Fundraising festival will help the school
pay off its legal bills fighting the City of Madison
Girls just wanna play soccer!
Teenagers are driving cars like they stole them (which they did). They’re crashing into homes and innocent motorists all over town. Minority students in the city’s public schools are functionally illiterate. Madison families are sending their kids to suburban schools or private schools in town, like Edgewood high school. What is the City of Madison’s response? They’re afraid a girls’ soccer game might break out at that Catholic high school.
Nothing in Edgewood high school’s master plan specifically allows competitive girls soccer, the pecksniffs on the Madison Plan Commission have decreed. The city arbiters are kowtowing to the well heeled and politically correct inhabitants of the Monroe-Dudgeon neighborhood. These good liberal/progressive/socialists are fighting Edgewood’s proposal to install spectator stands, bathrooms, lights and sound to its athletic field so that school sports teams can play on their home field like everyone else. The WI State Journal reports that over 100 people, most of them NIMBYs, spoke at Monday night’s (08-26-19) seven-hour plan commission meeting. As is customary in city politics, the commission came to no conclusion.
Fun for the whole family!
Blaska Policy Werkes concludes there are worse things than a two-hour high school football game on a Friday night where maybe one thousand fans attend.

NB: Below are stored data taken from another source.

lemma colon_ideal:
  assumes E: "E \<in> Fbar D"
  shows "is_ideal D {a \<in> D. a * x \<in> E}" "{a \<in> D. a * x \<in> E} \<noteq> {0}"
proof -
  have EM: "is_submod D E" using Fbar_submod[OF E] .
  show "is_ideal D {a \<in> D. a * x \<in> E}"
    unfolding is_ideal_def is_submod_def using EM sub
    by (auto simp: distrib_right mult.assoc submod_0 submod_add submod_mult subring_0 subring_add
        subring_mult)
  obtain e where e: "e \<in> E" "e \<noteq> 0" using Fbar_ne[OF E] by blast
  obtain c d where cd: "c \<in> D" "d \<in> D" "d \<noteq> 0" "e = c / d"
    using qf unfolding quot_field_of_def by blast
  obtain a b where ab: "a \<in> D" "b \<in> D" "b \<noteq> 0" "x = a / b"
    using qf unfolding quot_field_of_def by blast
  have "(b * c) * x = (a * d) * e" using ab cd by simp
  moreover have "(a * d) * e \<in> E" using submod_mult[OF EM _ e(1)] subring_mult[OF sub ab(1) cd(2)] by blast
  moreover have "b * c \<in> D" "b * c \<noteq> 0" using subring_mult[OF sub ab(2) cd(1)] ab cd e by auto
  ultimately show "{a \<in> D. a * x \<in> E} \<noteq> {0}" by (metis (mono_tags, lifting) mem_Collect_eq singletonD)
qed

end

section \<open>Semistar operations and their finite-type companion\<close>

lemma sf_mono: "E \<subseteq> E' \<Longrightarrow> star_f A st E \<subseteq> star_f A st E'"
  unfolding star_f_def by blast

lemma sf_memI: "fg_frac A F \<Longrightarrow> F \<subseteq> E \<Longrightarrow> x \<in> st F \<Longrightarrow> x \<in> star_f A st E"
  unfolding star_f_def by blast

lemma sf_memE: "x \<in> star_f A st E \<Longrightarrow> (\<And>F. fg_frac A F \<Longrightarrow> F \<subseteq> E \<Longrightarrow> x \<in> st F \<Longrightarrow> P) \<Longrightarrow> P"
  unfolding star_f_def by blast

locale semistar_domain = frac_domain +
  fixes st :: "'f::field set \<Rightarrow> 'f set"
  assumes ss: "semistar D st"
begin

abbreviation sf where "sf \<equiv> star_f D st"

lemma st_Fbar: "E \<in> Fbar D \<Longrightarrow> st E \<in> Fbar D" using ss by (simp add: semistar_def)
lemma st_mono: "E \<in> Fbar D \<Longrightarrow> F \<in> Fbar D \<Longrightarrow> E \<subseteq> F \<Longrightarrow> st E \<subseteq> st F"
  using ss by (simp add: semistar_def)
lemma st_ext: "E \<in> Fbar D \<Longrightarrow> E \<subseteq> st E" using ss by (simp add: semistar_def)
lemma st_idem: "E \<in> Fbar D \<Longrightarrow> st (st E) = st E" using ss by (simp add: semistar_def)
lemma st_homog: "x \<noteq> 0 \<Longrightarrow> E \<in> Fbar D \<Longrightarrow> st ((*) x ` E) = (*) x ` st E"
  using ss by (simp add: semistar_def)
lemma st_submod: "E \<in> Fbar D \<Longrightarrow> is_submod D (st E)" using st_Fbar Fbar_submod by blast

lemma sf_le: "E \<in> Fbar D \<Longrightarrow> sf E \<subseteq> st E"
  unfolding star_f_def using st_mono fg_Fbar by blast

lemma sf_fg: "fg_frac D F \<Longrightarrow> sf F = st F"
  using sf_le fg_Fbar sf_memI[of D F F _ st] by blast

Things like kids stealing cars right out of your garage. Given that the even-tonier University Heights neighborhood abuts Camp Randall field where 80,000+ Badger football fans revel all day long and into the night, especially after night games. Drinking beer and Jello shots, unlike high school sporting events.
Edgewood has brought suit in federal court alleging religious discrimination, given that public high schools like Madison Memorial play on their home fields while Edgewood is forced to play all its games as away games. That lawsuit and the Jarndyce v Jarndyce saga with city planning is running up the school’s legal bills.
Blaska Policy Werkes to the rescue! Our event planners have drawn up a fund-raising festival we’re calling “Make Edgewood Great Again.” Admittance to MEGA-fest is free to the school’s Monroe Street neighbors!
Madison’s favorite governor
The all-day spectacle begins with a welcoming address by former governor Scott Walker (“The Reforms are Working”) over a rented sound system. Shut-ins for blocks around will hear every syllable! Following is the dedication of the Bishop Morlino Memorial Shrine for the Victims of Abortion.
Kate Smith’s recording of God Bless America precedes a low-altitude flyover by the Air National Guard’s new F-35 fighter jets. (Flying so low, as General Buck Turgidson described it, the exhaust will fry chickens in the neighbors’ back yards!) And what a midway! MEGA-fest will feature traditional Wisconsin festival activities:
- smash a Prius ($1 per swing of the sledgehammer)
- wet bikini contest
- motorcycle burnouts on Monroe Street
- greased pig wrestling
- Civil War re-enactment (will the South win this time?)
- captive elephant parade
- carnival freak shows (don’t miss the Bearded Lady)
- Coors beer tent
- hip hop music battle of the bands
- all-faiths spanferkel
- Hobby Lobby crafts fair
- Chick-fil-A food stand
- dunk tank (Mayor Satya Rhodes-Conway, Brenda Konkel, and Sen. Tammy Baldwin, invited)
Headlining MEGA-Fest is special guest star Andrew Dice Clay, reprising some of his classic routines from the 1990s (including the one about Little Bo Peep and her sheep).
Do you smell smoke?
Vicki McKenna & Brian Schimming will do a live remote for their WIBA radio show. Security provided by Los Diablos motorcycle club (more multi-culture). An educational aspect: sign-up for NRA concealed carry firearms course. Visit the U.S. Marine recruitment booth. Be sure to sign the Recall Mark Pocan petitions!
You won’t want to miss the evening’s finish-to-the-death automobile demolition derby! (Blaska’s legal department concludes there is nothing in the campus master plan specifically prohibiting automobile demolition derbies.) Thrill to the wanton destruction of Detroit steel — metal grinding against metal. Tires churning up that rich Madison alluvial soil, spraying participants and spectators alike. Pungent, black engine exhaust wafting over the rooftops.
MEGA-fest ends with a midnight fireworks display timed to Wagner’s Ride of the Valkyries.
Blaska’s Bottom Line: Time for the Edgewood Crusaders to raise high the crucifix and channel some Constantine the Great: “By this sign you will conquer.”